Ingredients
Equipment
Method
Prep and shape
- Preheat oven to 350°F and line a sheet pan with foil for easy release and cleanup.
- Combine ground beef, ground pork, breadcrumbs, eggs, whole milk, grated onion, minced garlic, Worcestershire sauce, smoked paprika, garlic powder, and salt and pepper until just mixed.
- Shape the mixture into a free-form loaf on the prepared sheet pan, keeping the sides rough for more glaze surface area.
- Mix BBQ glaze ingredients (BBQ sauce, brown sugar, apple cider vinegar, and Worcestershire) and spread half over the top of the loaf.
Bake and caramelize
- Bake at 350°F for 45 minutes, until the loaf looks set and the glaze starts to darken.
- Brush the remaining glaze over the loaf, making an even, thick layer that will lacquer as it bakes.

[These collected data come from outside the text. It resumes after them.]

lemma evenperm_3cycle_induct [consumes 3, case_names id cycle]:
  assumes perm: "\<sigma> permutes S" and fin: "finite S" and even: "evenperm \<sigma>" and base: "P id"
    and step: "\<And>\<tau> a b c. P \<tau> \<Longrightarrow> a \<noteq> b \<Longrightarrow> b \<noteq> c \<Longrightarrow> a \<noteq> c \<Longrightarrow> a \<in> S \<Longrightarrow> b \<in> S \<Longrightarrow> c \<in> S \<Longrightarrow>
      P (\<tau> \<circ> (transpose a b \<circ> transpose b c))"
  shows "P \<sigma>"
proof -
  have "(evenperm \<rho> \<longrightarrow> (\<forall>\<tau>. P \<tau> \<longrightarrow> P (\<tau> \<circ> \<rho>))) \<and>
        (\<not> evenperm \<rho> \<longrightarrow> (\<forall>\<tau> a b. P \<tau> \<longrightarrow> a \<noteq> b \<longrightarrow> a \<in> S \<longrightarrow> b \<in> S \<longrightarrow> P (\<tau> \<circ> transpose a b \<circ> \<rho>)))"
    if "\<rho> permutes S" for \<rho>
    using that fin
  proof (induction rule: permutes_induct)
    case id
    then show ?case by simp
  next
    case (swap c d \<rho>)
    have parity: "evenperm (transpose c d \<circ> \<rho>) \<longleftrightarrow> \<not> evenperm \<rho>"
      using \<open>c \<noteq> d\<close> permutes_imp_permutation[OF fin \<open>\<rho> permutes S\<close>]
      by (simp add: evenperm_comp evenperm_swap permutation_swap_id)
    show ?case
    proof (cases "evenperm \<rho>")
      case True
      have "P (\<tau> \<circ> transpose a b \<circ> (transpose c d \<circ> \<rho>))"
        if "P \<tau>" "a \<noteq> b" "a \<in> S" "b \<in> S" for \<tau> a b
      proof -
        have "P (\<tau> \<circ> transpose a b \<circ> transpose c d)"
          using transposition_pair_step[of P S, OF step] that \<open>c \<noteq> d\<close> swap.hyps(1,2) by blast
        then have "P ((\<tau> \<circ> transpose a b \<circ> transpose c d) \<circ> \<rho>)" using swap.IH True by blast
        then show ?thesis by (simp only: o_assoc)
      qed
      then show ?thesis using parity True by blast
    next
      case False
      have "P (\<tau> \<circ> (transpose c d \<circ> \<rho>))" if "P \<tau>" for \<tau>
        using swap.IH swap.hyps False that by (metis o_assoc)
      then show ?thesis using parity False by blast
    qed
  qed
  then show ?thesis using perm even base by (metis id_o)
qed

section \<open>Characters of alternating groups\<close>

lemma power_eq_one_if_coprime_exponents:
  fixes z :: "'a :: monoid_mult"
  assumes "z ^ a = 1" "z ^ b = 1" "coprime a b" "a > 0"
  shows "z = 1"
proof -
  obtain u v where "a * u = b * v + gcd a b" using bezout_nat[of a b] assms(4) by auto
  then have uv: "a * u = b * v + 1" using assms(3) by simp
  have "z = z ^ (b * v + 1)" using assms(2) by (simp add: power_mult)
  also have "\<dots> = (z ^ a) ^ u" by (simp only: uv[symmetric] power_mult)
  also have "\<dots> = 1" using assms(1) by simp
  finally show ?thesis .
qed

definition alt_character :: "nat \<Rightarrow> ((nat \<Rightarrow> nat) \<Rightarrow> complex) \<Rightarrow> bool" where
  "alt_character n \<psi> \<longleftrightarrow> \<psi> id = 1 \<and> (\<forall>\<sigma>\<in>Alt n. \<forall>\<tau>\<in>Alt n. \<psi> (\<sigma> \<circ> \<tau>) = \<psi> \<sigma> * \<psi> \<tau>)"

lemma alt_characterI:
  "\<psi> id = 1 \<Longrightarrow> (\<And>\<sigma> \<tau>. \<sigma> \<in> Alt n \<Longrightarrow> \<tau> \<in> Alt n \<Longrightarrow> \<psi> (\<sigma> \<circ> \<tau>) = \<psi> \<sigma> * \<psi> \<tau>) \<Longrightarrow> alt_character n \<psi>"
  by (simp add: alt_character_def)

lemma alt_character_id: "alt_character n \<psi> \<Longrightarrow> \<psi> id = 1"
  by (simp add: alt_character_def)

lemma alt_character_comp:
  "alt_character n \<psi> \<Longrightarrow> \<sigma> \<in> Alt n \<Longrightarrow> \<tau> \<in> Alt n \<Longrightarrow> \<psi> (\<sigma> \<circ> \<tau>) = \<psi> \<sigma> * \<psi> \<tau>"
  by (simp add: alt_character_def)

lemma alt_character_funpow:
  assumes "alt_character n \<psi>" "\<sigma> \<in> Alt n"
  shows "\<psi> (\<sigma> ^^ k) = \<psi> \<sigma> ^ k"
proof (induction k)
  case (Suc k)
  have "\<psi> (\<sigma> ^^ Suc k) = \<psi> (\<sigma> \<circ> \<sigma> ^^ k)" by simp
  also have "\<dots> = \<psi> \<sigma> ^ Suc k" using assms Suc by (simp add: alt_character_comp Alt_funpow)
  finally show ?case .
qed (simp only: funpow.simps(1) power_0 alt_character_id[OF assms(1)])

lemma alt_character_power:
  "alt_character n \<psi> \<Longrightarrow> alt_character n (\<lambda>\<sigma>. \<psi> \<sigma> ^ k)"
  by (simp add: alt_character_def power_mult_distrib)

lemma alt_character_trivial_if_3cycles:
  assumes \<psi>: "alt_character n \<psi>" and \<sigma>: "\<sigma> \<in> Alt n"
    and cycles: "\<And>a b c. a < n \<Longrightarrow> b < n \<Longrightarrow> c < n \<Longrightarrow> a \<noteq> b \<Longrightarrow> b \<noteq> c \<Longrightarrow> a \<noteq> c \<Longrightarrow>
      \<psi> (transpose a b \<circ> transpose b c) = 1"
  shows "\<psi> \<sigma> = 1"
proof -
  have "\<sigma> \<in> Alt n \<and> \<psi> \<sigma> = 1"
    using Alt_permutes[OF \<sigma>] finite_lessThan Alt_evenperm[OF \<sigma>]
  proof (induction rule: evenperm_3cycle_induct)
    case (cycle \<tau> a b c)
    let ?t = "transpose a b \<circ> transpose b c"
    have t: "?t \<in> Alt n" using cycle by (simp add: transpose_comp_transpose_in_Alt)
    then have "\<psi> (\<tau> \<circ> ?t) = 1" using cycle alt_character_comp[OF \<psi>] cycles by simp
    then show ?case using cycle Alt_comp[OF _ t] by blast
  qed (use alt_character_id[OF \<psi>] Alt_id in blast)
  then show ?thesis ..
qed

lemma alt_character_3cycle_cube:
  assumes \<psi>: "alt_character n \<psi>" and "a < n" "b < n" "c < n" "a \<noteq> b" "b \<noteq> c"
  shows "\<psi> (transpose a b \<circ> transpose b c) ^ 3 = 1"
  using alt_character_funpow[OF \<psi>, of "transpose a b \<circ> transpose b c" 3] assms
  by (simp add: three_cycle_cube transpose_comp_transpose_in_Alt alt_character_id)

lemma alt_character_cube:
  assumes \<psi>: "alt_character n \<psi>" and \<sigma>: "\<sigma> \<in> Alt n"
  shows "\<psi> \<sigma> ^ 3 = 1"
  using alt_character_trivial_if_3cycles[OF alt_character_power[OF \<psi>] \<sigma>]
    alt_character_3cycle_cube[OF \<psi>] by blast

lemma alt_character_3cycle_ge5:
  assumes \<psi>: "alt_character n \<psi>" and n: "5 \<le> n"
    and abc: "a < n" "b < n" "c < n" "a \<noteq> b" "b \<noteq> c" "a \<noteq> c"
  shows "\<psi> (transpose a b \<circ> transpose b c) = 1"
proof -
  let ?t = "transpose a b \<circ> transpose b c" and ?t' = "transpose b c \<circ> transpose a b"
  have "card ({..<n} - {a, b, c}) = n - 3"
    using abc by (subst card_Diff_subset) auto
  then have "2 \<le> card ({..<n} - {a, b, c})" using n by simp
  then obtain d e where de: "d \<in> {..<n} - {a, b, c}" "e \<in> {..<n} - {a, b, c}" "d \<noteq> e"
    by (metis One_nat_def card_le_Suc0_iff_eq finite_Diff finite_lessThan not_less_eq_eq numeral_2_eq_2)
  \<comment> \<open>the involution \<open>?g\<close> of \<open>Alt n\<close> conjugates \<open>?t\<close> to its inverse; this is where \<open>n \<ge> 5\<close> is needed\<close>
  let ?g = "transpose a b \<circ> transpose d e"
  have in_Alt: "?g \<in> Alt n" "?t \<in> Alt n" "?t' \<in> Alt n"
    using abc de by (auto intro: transpose_comp_transpose_in_Alt)
  have "?g \<circ> ?g = id" "?g \<circ> ?t \<circ> ?g = ?t'" "?t \<circ> ?t' = id"
    using abc de by (auto intro!: ext simp: transpose_def)
  then have "\<psi> ?g * \<psi> ?g = 1" "\<psi> ?g * \<psi> ?t * \<psi> ?g = \<psi> ?t'" "\<psi> ?t * \<psi> ?t' = 1"
    using in_Alt alt_character_comp[OF \<psi>] alt_character_id[OF \<psi>] Alt_comp by metis+
  then have "\<psi> ?t ^ 2 = 1"
    by (simp add: power2_eq_square algebra_simps)
  moreover have "\<psi> ?t ^ 3 = 1" using alt_character_3cycle_cube[OF \<psi> abc(1-5)] .
  ultimately show ?thesis using power_eq_one_if_coprime_exponents[of "\<psi> ?t" 3 2] by simp
qed

lemma alt_character_trivial_ge5:
  "alt_character n \<psi> \<Longrightarrow> 5 \<le> n \<Longrightarrow> \<sigma> \<in> Alt n \<Longrightarrow> \<psi> \<sigma> = 1"
  using alt_character_trivial_if_3cycles alt_character_3cycle_ge5 by blast

section \<open>Diagonal matrices of prime power order\<close>

lemma power_prime_power_eq_one_mono:
  fixes z :: "'a :: monoid_mult"
  assumes "z ^ (q ^ k) = 1" "k \<le> K"
  shows "z ^ (q ^ K) = 1"
proof -
  have "q ^ K = q ^ k * q ^ (K - k)" using assms(2) by (simp flip: power_add)
  then show ?thesis using assms(1) by (simp add: power_mult)
qed

lemma common_prime_power_exponent:
  fixes z :: "nat \<Rightarrow> 'a :: monoid_mult"
  assumes "\<And>i. i < n \<Longrightarrow> \<exists>k. z i ^ (q ^ k) = 1"
  shows "\<exists>K. \<forall>i<n. z i ^ (q ^ K) = 1"
  using assms
proof (induction n)
  case (Suc n)
  then obtain K k where "\<forall>i<n. z i ^ (q ^ K) = 1" "z n ^ (q ^ k) = 1" by (meson lessI less_SucI)
  then have "z i ^ (q ^ (K + k)) = 1" if "i < Suc n" for i
    using that power_prime_power_eq_one_mono[of "z i" q K "K + k"]
      power_prime_power_eq_one_mono[of "z n" q k "K + k"]
    by (auto simp: less_Suc_eq)
  then show ?case by blast
qed simp

lemma mem_Dq_iff:
  "d \<in> Dq p q \<longleftrightarrow> (\<forall>i. p \<le> i \<longrightarrow> d i = 1) \<and> (\<forall>i<p. d i \<noteq> 0 \<and> (\<exists>k. d i ^ (q ^ k) = 1))"
proof
  assume "d \<in> Dq p q"
  then show "(\<forall>i. p \<le> i \<longrightarrow> d i = 1) \<and> (\<forall>i<p. d i \<noteq> 0 \<and> (\<exists>k. d i ^ (q ^ k) = 1))"
    by (auto simp: Dq_def)
next
  assume "(\<forall>i. p \<le> i \<longrightarrow> d i = 1) \<and> (\<forall>i<p. d i \<noteq> 0 \<and> (\<exists>k. d i ^ (q ^ k) = 1))"
  then show "d \<in> Dq p q"
    using common_prime_power_exponent[of p d q] by (simp add: Dq_def)
qed

lemma Dq_outside: "d \<in> Dq p q \<Longrightarrow> p \<le> i \<Longrightarrow> d i = 1"
  by (simp add: Dq_def)

lemma Dq_nonzero: "d \<in> Dq p q \<Longrightarrow> d i \<noteq> 0"
  by (cases "p \<le> i") (simp_all add: Dq_def)

lemma Dq_prime_power_order: "d \<in> Dq p q \<Longrightarrow> i < p \<Longrightarrow> \<exists>k. d i ^ (q ^ k) = 1"
  by (simp add: mem_Dq_iff)

lemma Dq_mult:
  assumes "d \<in> Dq p q" "e \<in> Dq p q"
  shows "(\<lambda>i. d i * e i) \<in> Dq p q"
proof -
  have "\<exists>K. (d i * e i) ^ (q ^ K) = 1" if "i < p" for i
  proof -
    obtain k l where "d i ^ (q ^ k) = 1" "e i ^ (q ^ l) = 1"
      using assms \<open>i < p\<close> Dq_prime_power_order by meson
    then have "(d i * e i) ^ (q ^ (k + l)) = 1"
      using power_prime_power_eq_one_mono[of "d i" q k "k + l"]
        power_prime_power_eq_one_mono[of "e i" q l "k + l"]
      by (simp add: power_mult_distrib)
    then show ?thesis ..
  qed
  moreover have "d i * e i \<noteq> 0" for i using assms Dq_nonzero by simp
  moreover have "d i * e i = 1" if "p \<le> i" for i using Dq_outside[OF assms(1) that] Dq_outside[OF assms(2) that] by simp
  ultimately show ?thesis unfolding mem_Dq_iff by blast
qed

lemma Dq_inverse: "d \<in> Dq p q \<Longrightarrow> (\<lambda>i. 1 / d i) \<in> Dq p q"
  unfolding mem_Dq_iff by (auto simp: power_one_over)

lemma Dq_act:
  assumes "\<sigma> \<in> Alt p" "d \<in> Dq p q"
  shows "act \<sigma> d \<in> Dq p q"
proof -
  have "inv' \<sigma> \<in> Alt p" using assms(1) by (rule Alt_inv)
  then show ?thesis
    using assms(2) Alt_apply_less Alt_apply_outside unfolding mem_Dq_iff act_def by (metis not_le)
qed

lemma prod_act: "\<sigma> \<in> Alt p \<Longrightarrow> (\<Prod>i<p. act \<sigma> d i) = (\<Prod>i<p. d i)"
  using prod.permute[OF permutes_inv[OF Alt_permutes], of \<sigma> p d] by (simp add: act_def o_def)

lemma Xq_Dq: "d \<in> Xq p q \<Longrightarrow> d \<in> Dq p q"
  by (simp add: Xq_def)

lemma Xq_one: "(\<lambda>i. 1) \<in> Xq p q"
  by (simp add: Xq_def mem_Dq_iff)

- Bake 15–20 minutes more at 350°F until the internal temperature reaches 160°F and the glaze is caramelized with dark, sticky spots.
Rest and serve
- Rest the BBQ glazed meatloaf for 10 minutes before slicing so juices settle and the slices hold their shape.
Notes
Pro tip: Use a meat thermometer and target 160°F in the center for the best sliceable texture with the BBQ glaze fully caramelized on top. Store leftovers in the refrigerator up to 3–4 days in a sealed container; freeze slices for up to 2 months. For a lighter option, use part-lean ground beef (or substitute turkey for the pork) while keeping the same glaze to preserve that smoky, tangy finish.